(* Let $(X,\delta,\epsilon)$ be an $X$-self-adjoint internal commutative comonoid in a $\dagger$-compact category. Then: (i) the Frobenius identity $\delta\circ\delta^\dagger=(\delta^\dagger\otimes 1_X)\circ(1_X\otimes\delta)$ holds; (ii) $\delta$ is invariant under partial transpose: $(1_X\otimes\eta_X^\dagger\otimes 1_X)\circ(\sigma_{X,X}\otimes\delta)\circ(1_X\otimes\eta_X)=\delta$; (iii) $\delta_*=\delta$ (equivalently $\delta^*=\delta^\dagger$), where $\delta_*$ is regarded as a morphism $X\to X\otimes X$ via $X^*=X$ and $(X\otimes X)^*=X^*\otimes X^*=X\otimes X$.
   Context: A $\dagger$-compact category is a symmetric monoidal category $(\mathbf{C},\otimes,\mathrm{I})$, treated as strict (associators and unitors suppressed), with symmetry $\sigma_{A,B}:A\otimes B\to B\otimes A$, equipped with a contravariant functor $(-)^\dagger$ which is the identity on objects, involutive and monoidal (structural isomorphisms unitary), together with, for each object $A$, an object $A^*$ (with $A^{**}=A$) and a morphism $\eta_A:\mathrm{I}\to A^*\otimes A$ such that $\eta_{A^*}=\sigma_{A^*,A}\circ\eta_A$ and $(\eta_{A^*}^\dagger\otimes 1_A)\circ(1_A\otimes\eta_A)=1_A$. Duals of tensor products are the canonical ones: $(A\otimes B)^*=A^*\otimes B^*$ with $\eta_{A\otimes B}=(1_{A^*}\otimes\sigma_{A,B^*}\otimes 1_B)\circ(\eta_A\otimes\eta_B)$. For $f:A\to B$ define $f^*:B^*\to A^*$ by $f^*:=(1_{A^*}\otimes\eta_{B^*}^\dagger)\circ(1_{A^*}\otimes f\otimes 1_{B^*})\circ(\eta_A\otimes 1_{B^*})$, and the conjugate $f_*:=(f^\dagger)^*:A^*\to B^*$. An internal commutative comonoid is $(X,\delta,\epsilon)$ with $\delta:X\to X\otimes X$, $\epsilon:X\to\mathrm{I}$ satisfying $(\delta\otimes 1_X)\circ\delta=(1_X\otimes\delta)\circ\delta$, $(\epsilon\otimes 1_X)\circ\delta=1_X=(1_X\otimes\epsilon)\circ\delta$ and $\sigma_{X,X}\circ\delta=\delta$. It is called $X$-self-adjoint if the dual of $X$ in the $\dagger$-compact structure is $X^*=X$ with $\eta_X=\delta\circ\epsilon^\dagger$, and $\delta=(1_X\otimes\delta^\dagger)\circ(\eta_X\otimes 1_X)$. *)

theory Defs
  imports Main
begin

text \<open>A (strict) symmetric monoidal category with dagger and chosen duals,
  presented concretely: objects of type 'o, morphisms of type 'm.
  cmp C g f is the composite g after f.\<close>

record ('o, 'm) dcat =
  Obj :: "'o set"
  Arr :: "'m set"
  dom :: "'m \<Rightarrow> 'o"
  cod :: "'m \<Rightarrow> 'o"
  cmp :: "'m \<Rightarrow> 'm \<Rightarrow> 'm"
  idt :: "'o \<Rightarrow> 'm"
  tno :: "'o \<Rightarrow> 'o \<Rightarrow> 'o"
  tnm :: "'m \<Rightarrow> 'm \<Rightarrow> 'm"
  unt :: "'o"
  sym :: "'o \<Rightarrow> 'o \<Rightarrow> 'm"
  dag :: "'m \<Rightarrow> 'm"
  dual :: "'o \<Rightarrow> 'o"
  eta :: "'o \<Rightarrow> 'm"

locale dagger_compact =
  fixes C :: "('o, 'm) dcat"
  assumes
    dom_obj: "f \<in> Arr C \<Longrightarrow> dom C f \<in> Obj C"
  and cod_obj: "f \<in> Arr C \<Longrightarrow> cod C f \<in> Obj C"
  and idt_arr: "A \<in> Obj C \<Longrightarrow> idt C A \<in> Arr C"
  and dom_idt: "A \<in> Obj C \<Longrightarrow> dom C (idt C A) = A"
  and cod_idt: "A \<in> Obj C \<Longrightarrow> cod C (idt C A) = A"
  and cmp_arr: "\<lbrakk>f \<in> Arr C; g \<in> Arr C; cod C f = dom C g\<rbrakk> \<Longrightarrow> cmp C g f \<in> Arr C"
  and dom_cmp: "\<lbrakk>f \<in> Arr C; g \<in> Arr C; cod C f = dom C g\<rbrakk> \<Longrightarrow> dom C (cmp C g f) = dom C f"
  and cod_cmp: "\<lbrakk>f \<in> Arr C; g \<in> Arr C; cod C f = dom C g\<rbrakk> \<Longrightarrow> cod C (cmp C g f) = cod C g"
  and cmp_idl: "f \<in> Arr C \<Longrightarrow> cmp C (idt C (cod C f)) f = f"
  and cmp_idr: "f \<in> Arr C \<Longrightarrow> cmp C f (idt C (dom C f)) = f"
  and cmp_assoc: "\<lbrakk>f \<in> Arr C; g \<in> Arr C; h \<in> Arr C; cod C f = dom C g; cod C g = dom C h\<rbrakk>
      \<Longrightarrow> cmp C h (cmp C g f) = cmp C (cmp C h g) f"
  and unt_obj: "unt C \<in> Obj C"
  and tno_obj: "\<lbrakk>A \<in> Obj C; B \<in> Obj C\<rbrakk> \<Longrightarrow> tno C A B \<in> Obj C"
  and tnm_arr: "\<lbrakk>f \<in> Arr C; g \<in> Arr C\<rbrakk> \<Longrightarrow> tnm C f g \<in> Arr C"
  and dom_tnm: "\<lbrakk>f \<in> Arr C; g \<in> Arr C\<rbrakk> \<Longrightarrow> dom C (tnm C f g) = tno C (dom C f) (dom C g)"
  and cod_tnm: "\<lbrakk>f \<in> Arr C; g \<in> Arr C\<rbrakk> \<Longrightarrow> cod C (tnm C f g) = tno C (cod C f) (cod C g)"
  and tnm_idt: "\<lbrakk>A \<in> Obj C; B \<in> Obj C\<rbrakk> \<Longrightarrow> tnm C (idt C A) (idt C B) = idt C (tno C A B)"
  and tnm_cmp: "\<lbrakk>f \<in> Arr C; g \<in> Arr C; cod C f = dom C g; f' \<in> Arr C; g' \<in> Arr C; cod C f' = dom C g'\<rbrakk>
      \<Longrightarrow> tnm C (cmp C g f) (cmp C g' f') = cmp C (tnm C g g') (tnm C f f')"
  and tno_assoc: "\<lbrakk>A \<in> Obj C; B \<in> Obj C; D \<in> Obj C\<rbrakk> \<Longrightarrow> tno C (tno C A B) D = tno C A (tno C B D)"
  and tnm_assoc: "\<lbrakk>f \<in> Arr C; g \<in> Arr C; h \<in> Arr C\<rbrakk> \<Longrightarrow> tnm C (tnm C f g) h = tnm C f (tnm C g h)"
  and tno_unit_l: "A \<in> Obj C \<Longrightarrow> tno C (unt C) A = A"
  and tno_unit_r: "A \<in> Obj C \<Longrightarrow> tno C A (unt C) = A"
  and tnm_unit_l: "f \<in> Arr C \<Longrightarrow> tnm C (idt C (unt C)) f = f"
  and tnm_unit_r: "f \<in> Arr C \<Longrightarrow> tnm C f (idt C (unt C)) = f"
  and sym_arr: "\<lbrakk>A \<in> Obj C; B \<in> Obj C\<rbrakk> \<Longrightarrow> sym C A B \<in> Arr C"
  and dom_sym: "\<lbrakk>A \<in> Obj C; B \<in> Obj C\<rbrakk> \<Longrightarrow> dom C (sym C A B) = tno C A B"
  and cod_sym: "\<lbrakk>A \<in> Obj C; B \<in> Obj C\<rbrakk> \<Longrightarrow> cod C (sym C A B) = tno C B A"
  and sym_nat: "\<lbrakk>f \<in> Arr C; g \<in> Arr C\<rbrakk> \<Longrightarrow>
      cmp C (sym C (cod C f) (cod C g)) (tnm C f g) = cmp C (tnm C g f) (sym C (dom C f) (dom C g))"
  and sym_inv: "\<lbrakk>A \<in> Obj C; B \<in> Obj C\<rbrakk> \<Longrightarrow> cmp C (sym C B A) (sym C A B) = idt C (tno C A B)"
  and sym_hex: "\<lbrakk>A \<in> Obj C; B \<in> Obj C; D \<in> Obj C\<rbrakk> \<Longrightarrow>
      sym C A (tno C B D) = cmp C (tnm C (idt C B) (sym C A D)) (tnm C (sym C A B) (idt C D))"
  and dag_arr: "f \<in> Arr C \<Longrightarrow> dag C f \<in> Arr C"
  and dom_dag: "f \<in> Arr C \<Longrightarrow> dom C (dag C f) = cod C f"
  and cod_dag: "f \<in> Arr C \<Longrightarrow> cod C (dag C f) = dom C f"
  and dag_idt: "A \<in> Obj C \<Longrightarrow> dag C (idt C A) = idt C A"
  and dag_cmp: "\<lbrakk>f \<in> Arr C; g \<in> Arr C; cod C f = dom C g\<rbrakk> \<Longrightarrow> dag C (cmp C g f) = cmp C (dag C f) (dag C g)"
  and dag_dag: "f \<in> Arr C \<Longrightarrow> dag C (dag C f) = f"
  and dag_tnm: "\<lbrakk>f \<in> Arr C; g \<in> Arr C\<rbrakk> \<Longrightarrow> dag C (tnm C f g) = tnm C (dag C f) (dag C g)"
  and dag_sym: "\<lbrakk>A \<in> Obj C; B \<in> Obj C\<rbrakk> \<Longrightarrow> dag C (sym C A B) = sym C B A"
  and dual_obj: "A \<in> Obj C \<Longrightarrow> dual C A \<in> Obj C"
  and dual_dual: "A \<in> Obj C \<Longrightarrow> dual C (dual C A) = A"
  and eta_arr: "A \<in> Obj C \<Longrightarrow> eta C A \<in> Arr C"
  and dom_eta: "A \<in> Obj C \<Longrightarrow> dom C (eta C A) = unt C"
  and cod_eta: "A \<in> Obj C \<Longrightarrow> cod C (eta C A) = tno C (dual C A) A"
  and eta_dual: "A \<in> Obj C \<Longrightarrow> eta C (dual C A) = cmp C (sym C (dual C A) A) (eta C A)"
  and yank: "A \<in> Obj C \<Longrightarrow>
      cmp C (tnm C (dag C (eta C (dual C A))) (idt C A)) (tnm C (idt C A) (eta C A)) = idt C A"
  and dual_tno: "\<lbrakk>A \<in> Obj C; B \<in> Obj C\<rbrakk> \<Longrightarrow> dual C (tno C A B) = tno C (dual C A) (dual C B)"
  and eta_tno: "\<lbrakk>A \<in> Obj C; B \<in> Obj C\<rbrakk> \<Longrightarrow> eta C (tno C A B) =
      cmp C (tnm C (tnm C (idt C (dual C A)) (sym C A (dual C B))) (idt C B)) (tnm C (eta C A) (eta C B))"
..............................
> **YOUR TASK**
In your answer, include only the lines above starting at the line that holds "cod C f \<in>" and ending at the line that holds "g\<rbrakk> \<Longrightarrow> dom", copied exactly.

> **EXERCISE OUTPUT**
  and cod_obj: "f \<in> Arr C \<Longrightarrow> cod C f \<in> Obj C"
  and idt_arr: "A \<in> Obj C \<Longrightarrow> idt C A \<in> Arr C"
  and dom_idt: "A \<in> Obj C \<Longrightarrow> dom C (idt C A) = A"
  and cod_idt: "A \<in> Obj C \<Longrightarrow> cod C (idt C A) = A"
  and cmp_arr: "\<lbrakk>f \<in> Arr C; g \<in> Arr C; cod C f = dom C g\<rbrakk> \<Longrightarrow> cmp C g f \<in> Arr C"
  and dom_cmp: "\<lbrakk>f \<in> Arr C; g \<in> Arr C; cod C f = dom C g\<rbrakk> \<Longrightarrow> dom C (cmp C g f) = dom C f"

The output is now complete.